Here, we advance our near-atomic level MD Upside algorithm that can fold proteins with accuracy comparable to that of all-atom methods but in CPU-hours^16,17 and test whether it can generate ensembles that can reproduce HDX data for four proteins: two Rosetta-designed proteins,¹⁸ mammalian ubiquitin, and a ubiquitin variant (L50E). To predict the larger openings and their denaturant dependence, we find it necessary to train our force field in a manner that reduces the amount of residual structure in the DSE and increases folding cooperativity. Although the agreement between our simulations and the HDX data is laudable, areas for improvement include increasing cooperativity and reducing the number of spurious small-scale openings. In general, our study provides a firmer foundation for testing simulations against HDX data, which should lead to improvements in our ability to simulate the free energy surface and interpret HDX data.

Results

We first describe the Upside model and conduct dual-target contrastive divergence (ConDiv) training of our energy function using both the native state ensemble (NSE) and an unstructured DSE. This procedure is designed to balance the energy terms to decrease the amount of residual structure while still being able to fold proteins. Next, methods for comparing an MD trajectory to HDX data and its denaturant dependence are presented, followed by comparisons to data.

Upside is a near-atomic, implicit solvent model that conducts Langevin dynamics on just the three backbone N, C_α, and C atoms, with the backbone conformation guided by neighbor- and residue-dependent (ϕ,ψ) torsion maps.^16,17Upside’s speed in part arises from explicitly including only the three backbone atoms during the dynamics portion, but it uses the inferred positions of amide hydrogens, carbonyl oxygens, C_β atoms, and side chains during the force calculation. The side chains are represented by multiposition, amino acid-, and directional-dependent beads. After every Verlet integration time step, the bead position probabilities of all side chains are determined in a single global side chain packing step that produces the lowest side chain free energy. This step greatly reduces side chain friction, which, along with the lack of explicit solvent, explains much of the 10³–10⁴-fold speedup as compared to standard MD.

Contrastive Divergence (ConDiv) Training

Critical to Upside’s success is the development of a force field having the proper balancing of energy terms. Balancing is achieved by simultaneously training essentially all parameters using our version of the machine learning ConDiv method.¹⁷ Here, one considers two ensembles, the first restrained to be near the native structure and the second that is free to diffuse away during a simulation. For a perfect energy function, the unrestrained ensemble will remain close to the native ensemble. However, differences will arise with an imperfect function, which can be reduced by changing the strength of the energy terms to preferentially stabilize the native conformers as compared to the unconstrained ensemble. For example, if too many H-bonds form in the unconstrained ensemble, the H-bond energy is reduced, and the training simulations are repeated. This iterative procedure of updating the energy terms to preferentially stabilize the NSE continues until no energy parameter can be updated to produce a better NSE (Figure 2). To avoid overtraining, this procedure is run for 456 proteins in batches of 19 to produce our 2018 energy function, “FF1”.

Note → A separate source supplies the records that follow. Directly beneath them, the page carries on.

theorem theorem4p4:
  fixes f :: "'a::euclidean_space \<Rightarrow> real" and g :: "'a \<Rightarrow> 'b::euclidean_space"
    and f' :: "'a \<Rightarrow> 'a \<Rightarrow>\<^sub>L real" and f'' :: "'a \<Rightarrow> 'a \<Rightarrow>\<^sub>L ('a \<Rightarrow>\<^sub>L real)"
    and g' :: "'a \<Rightarrow> 'a \<Rightarrow>\<^sub>L 'b" and g'' :: "'a \<Rightarrow> 'a \<Rightarrow>\<^sub>L ('a \<Rightarrow>\<^sub>L 'b)"
    and K :: "'b set" and xbar d :: 'a
  assumes f1: "\<And>x. (f has_derivative blinfun_apply (f' x)) (at x)"
    and f2: "\<And>x. (f' has_derivative blinfun_apply (f'' x)) (at x)"
    and f2c: "continuous_on UNIV f''"
    and g1: "\<And>x. (g has_derivative blinfun_apply (g' x)) (at x)"
    and g2: "\<And>x. (g' has_derivative blinfun_apply (g'' x)) (at x)"
    and g2c: "continuous_on UNIV g''"
    and K_closed: "closed K"
    and d_tan: "d \<in> tangent_cone (g -` K) xbar"
    and opt: "local_opt_dir f (g -` K) xbar d"
    and crit: "f' xbar d = 0"
    and mscq: "MSCQ_dir g K xbar d"
  shows
    "(\<exists>l \<in> M_multipliers (f' xbar) (g' xbar) K (g xbar) d.
        support_fun (blinfun_apply (g' xbar) ` asymptotic_second_order_tangent_cone (g -` K) xbar d) l \<le> 0
      \<and> l \<in> limiting_normal_cone
             (asymptotic_second_order_tangent_cone K (g xbar) (g' xbar d)) 0)
   \<and> (second_order_tangent_set K (g xbar) (g' xbar d) \<noteq> {} \<longrightarrow>
      (\<exists>l \<in> M_multipliers (f' xbar) (g' xbar) K (g xbar) d.
        ereal (f'' xbar d d + l \<bullet> g'' xbar d d)
          - support_fun ((\<lambda>w. g' xbar w + g'' xbar d d) ` second_order_tangent_set (g -` K) xbar d) l \<ge> 0
      \<and> (\<exists>w :: nat \<Rightarrow> 'a. \<exists>ls :: nat \<Rightarrow> 'b.
           (\<forall>k. w k \<in> second_order_tangent_set (g -` K) xbar d)
         \<and> (\<forall>k. ls k \<in> limiting_normal_cone (second_order_tangent_set K (g xbar) (g' xbar d))
                          (g' xbar (w k) + g'' xbar d d))
         \<and> (\<lambda>k. ereal (f' xbar (w k) + f'' xbar d d))
             \<longlonglongrightarrow> (INF v\<in>second_order_tangent_set (g -` K) xbar d. ereal (f' xbar v + f'' xbar d d))
         \<and> (\<lambda>k. ls k \<bullet> g' xbar (w k) + f' xbar (w k)) \<longlonglongrightarrow> 0
         \<and> ls \<longlonglongrightarrow> l)))"
  using asymptotic_multiplier_exists[where f=f and f'=f' and f''=f'' and g=g and g'=g' and g''=g'' and xbar=xbar,
      OF f1 f2[of xbar] g1 g2[of xbar] K_closed d_tan opt crit mscq]
    second_order_multiplier_exists[where f=f and f'=f' and f''=f'' and g=g and g'=g' and g''=g'' and xbar=xbar,
      OF f1 f2[of xbar] g1 g2[of xbar] K_closed opt crit mscq]
  by (intro conjI impI) auto

end
(* Let $c$ be the ellipse $x^2/a_c^2+y^2/b_c^2=1$ with $a_c>b_c>0$, linear eccentricity $d=\sqrt{a_c^2-b_c^2}$ and numerical eccentricity $m=d/a_c$, and let $\mathrm{sn},\mathrm{cn},\mathrm{dn}$ denote the Jacobian elliptic functions with modulus $m$ and $K$ the complete elliptic integral of the first kind with modulus $m$. \begin{enumerate} \item For every ellipse $e$ with semiaxes $(a_e,b_e)$ confocal with $c$ and exterior to it, the billiards in $e$ with caustic $c$ are canonically parametrized by $\tilde u\mapsto(-a_e\,\mathrm{sn}\,\tilde u,\ b_e\,\mathrm{cn}\,\tilde u)$ in the following sense: if $\Delta\tilde u$ satisfies $b_c=b_e\,\mathrm{cn}(\Delta\tilde u)$, then for any initial value $\tilde u_0$ the vertices of the billiard in $e$ with caustic $c$ starting at the point with parameter $\tilde u_0$ have the parameters $\tilde u_0+2k\Delta\tilde u$, $k\in\mathbb Z$. \item Conversely, let $N\ge 3$ and $\tau\ge1$ be integers with $\gcd(N,\tau)=1$ and $2\tau<N$, and put $\Delta\tilde u=\frac{2\tau K}{N}$. If \[a_e=\frac{a_c\,\mathrm{dn}(\Delta\tilde u)}{\mathrm{cn}(\Delta\tilde u)},\qquad b_e=\frac{b_c}{\mathrm{cn}(\Delta\tilde u)},\] then the ellipse $e$ with semiaxes $(a_e,b_e)$ is confocal with $c$ and the billiards in $e$ with caustic $c$ are $N$-periodic with turning number $\tau$. \end{enumerate}
   Context: Confocal conics of $c$: $\frac{x^2}{a_c^2+k}+\frac{y^2}{b_c^2+k}=1$. An ellipse $e$ confocal with $c$ and exterior to it has semiaxes $a_e^2=a_c^2+k_e$, $b_e^2=b_c^2+k_e$ with $k_e>0$. A billiard in $e$ with caustic $c$ is a sequence of points $P_1,P_2,\dots$ on $e$ such that each line $P_iP_{i+1}$ is tangent to $c$ and $P_{i-1}P_i$, $P_iP_{i+1}$ are the two tangents from $P_i$ to $c$; it is traversed counterclockwise. It is $N$-periodic if $P_{i+N}=P_i$ for all $i$; its turning number $\tau$ is the number of times one period of the billiard winds around the center of $e$. The modulus convention: $\tilde u=\int_0^{\varphi}\frac{d\psi}{\sqrt{1-m^2\sin^2\psi}}$, $\mathrm{sn}\,\tilde u=\sin\varphi$, $\mathrm{cn}\,\tilde u=\cos\varphi$, $\mathrm{dn}\,\tilde u=\sqrt{1-m^2\mathrm{sn}^2\tilde u}$, $K=\int_0^{\pi/2}\frac{d\psi}{\sqrt{1-m^2\sin^2\psi}}$. *)

theory Defs
  imports "HOL-Analysis.Analysis"
begin

definition ellF :: "real \<Rightarrow> real \<Rightarrow> real" where
  "ellF m \<phi> =
     (if 0 \<le> \<phi> then integral {0..\<phi>} (\<lambda>\<psi>. 1 / sqrt (1 - m\<^sup>2 * (sin \<psi>)\<^sup>2))
      else - integral {\<phi>..0} (\<lambda>\<psi>. 1 / sqrt (1 - m\<^sup>2 * (sin \<psi>)\<^sup>2)))"

definition jam :: "real \<Rightarrow> real \<Rightarrow> real" where
  "jam m u = (THE \<phi>. ellF m \<phi> = u)"

definition jsn :: "real \<Rightarrow> real \<Rightarrow> real" where "jsn m u = sin (jam m u)"
definition jcn :: "real \<Rightarrow> real \<Rightarrow> real" where "jcn m u = cos (jam m u)"
definition jdn :: "real \<Rightarrow> real \<Rightarrow> real" where "jdn m u = sqrt (1 - m\<^sup>2 * (jsn m u)\<^sup>2)"

definition ellK :: "real \<Rightarrow> real" where "ellK m = ellF m (pi / 2)"

definition ellipse :: "real \<Rightarrow> real \<Rightarrow> complex set" where
  "ellipse a b = {z. (Re z / a)\<^sup>2 + (Im z / b)\<^sup>2 = 1}"

definition line_through :: "complex \<Rightarrow> complex \<Rightarrow> complex set" where
  "line_through p q = {p + of_real t * (q - p) | t. True}"

text \<open>A line is tangent to the (convex) ellipse iff it meets it in exactly one point.\<close>
definition tangent_to :: "complex set \<Rightarrow> real \<Rightarrow> real \<Rightarrow> bool" where
  "tangent_to L a b \<longleftrightarrow> (\<exists>!z. z \<in> L \<and> z \<in> ellipse a b)"
(* Let $K,G,\eta,\bar\eta,\xi,c_0>0$ and let $H:\mathbb R_+\to\mathbb R_+$ be nondecreasing, strongly semismooth, with $H(0)=0$. Let $f(\boldsymbol\sigma,\kappa)=\hat f(p(\boldsymbol\sigma),\varrho(\boldsymbol\sigma),\kappa)=\sqrt{\tfrac12}\varrho(\boldsymbol\sigma)+\eta p(\boldsymbol\sigma)-\xi(c_0+\kappa)$. Let $\boldsymbol\sigma^{tr}\in\mathbb R^{3\times3}_{sym}$, $\bar\varepsilon^{p,tr}\ge0$ be given, $p^{tr}=p(\boldsymbol\sigma^{tr})$, $\varrho^{tr}=\varrho(\boldsymbol\sigma^{tr})$, and define for $\gamma\ge0$ $$q_{tr}(\gamma)=\sqrt{\tfrac12}\big(\varrho^{tr}-\gamma G\sqrt2\big)^++\eta(p^{tr}-\gamma K\bar\eta)-\xi\big(c_0+H(\bar\varepsilon^{p,tr}+\gamma\xi)\big).$$ Assume $f(\boldsymbol\sigma^{tr},H(\bar\varepsilon^{p,tr}))>0$. Then there exists a unique $\triangle\lambda>0$ with $q_{tr}(\triangle\lambda)=0$. Furthermore, each of the following problems has a unique solution: (R) find $(p,\varrho,\bar\varepsilon^p,\triangle\lambda)$ with $p=p^{tr}-\triangle\lambda K\bar\eta$, $\varrho=(\varrho^{tr}-\triangle\lambda G\sqrt2)^+$, $\bar\varepsilon^p=\bar\varepsilon^{p,tr}+\triangle\lambda\xi$, $\hat f(p,\varrho,H(\bar\varepsilon^p))=0$; (P) find $(\boldsymbol\sigma,\bar\varepsilon^p,\triangle\lambda)$ with $\boldsymbol\sigma=\boldsymbol\sigma^{tr}-\triangle\lambda(G\sqrt2\hat{\mathbf n}+K\bar\eta\mathbf I)$ for some $\hat{\mathbf n}\in\partial\varrho(\boldsymbol\sigma)$, $\bar\varepsilon^p=\bar\varepsilon^{p,tr}+\triangle\lambda\xi$, $f(\boldsymbol\sigma,H(\bar\varepsilon^p))=0$; (Q) find $(\boldsymbol\sigma,\bar\varepsilon^p,\triangle\lambda)$ with the same two equations as in (P) and $\triangle\lambda\ge0$, $f(\boldsymbol\sigma,H(\bar\varepsilon^p))\le0$, $\triangle\lambda f(\boldsymbol\sigma,H(\bar\varepsilon^p))=0$. In addition, if $q_{tr}(\varrho^{tr}/(G\sqrt2))<0$ then $\triangle\lambda\in(0,\varrho^{tr}/(G\sqrt2))$ and $\varrho>0$; conversely, if $q_{tr}(\varrho^{tr}/(G\sqrt2))\ge0$ then $\triangle\lambda\ge\varrho^{tr}/(G\sqrt2)$ and $\varrho=0$ (where $\varrho$ is the corresponding component of the solution of (R)).
   Context: $\mathbb R^{3\times3}_{sym}$: real symmetric $3\times3$ matrices with Frobenius product ":" and norm; $\mathbf I$ identity; $p(\boldsymbol\sigma)=\frac13\mathbf I:\boldsymbol\sigma$, $\mathbf s(\boldsymbol\sigma)=\boldsymbol\sigma-p(\boldsymbol\sigma)\mathbf I$, $\varrho(\boldsymbol\sigma)=\|\mathbf s(\boldsymbol\sigma)\|$; $(x)^+=\max\{0,x\}$. $\partial\varrho(\boldsymbol\sigma)=\{\mathbf s(\boldsymbol\sigma)/\varrho(\boldsymbol\sigma)\}$ if $\varrho(\boldsymbol\sigma)>0$, and $\{\hat{\mathbf n}\in\mathbb R^{3\times3}_{sym}:\mathbf I:\hat{\mathbf n}=0,\|\hat{\mathbf n}\|\le1\}$ if $\varrho(\boldsymbol\sigma)=0$. Strong semismoothness: local Lipschitz continuity, directional differentiability, and $F(x+h)-F(x)-Vh=O(\|h\|^2)$ for all $V\in\partial F(x+h)$ (Clarke generalized Jacobian) as $h\to0$. *)

theory Defs
  imports "HOL-Analysis.Analysis"
begin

“Dual objective” contrastive divergence training. Left: Before training, simulations that start from the DSE (blue) or NSE (red) are unstable and relax to an ensemble with residual structure or misfolded states, respectively. Right: Force field parameters are iteratively updated to increase the native stability while reducing the amount of residual structure in the DSE. Ideally, new simulations that start in the DSE and NSE retain their respective conformational ensembles (dotted gray energy surface becomes solid black).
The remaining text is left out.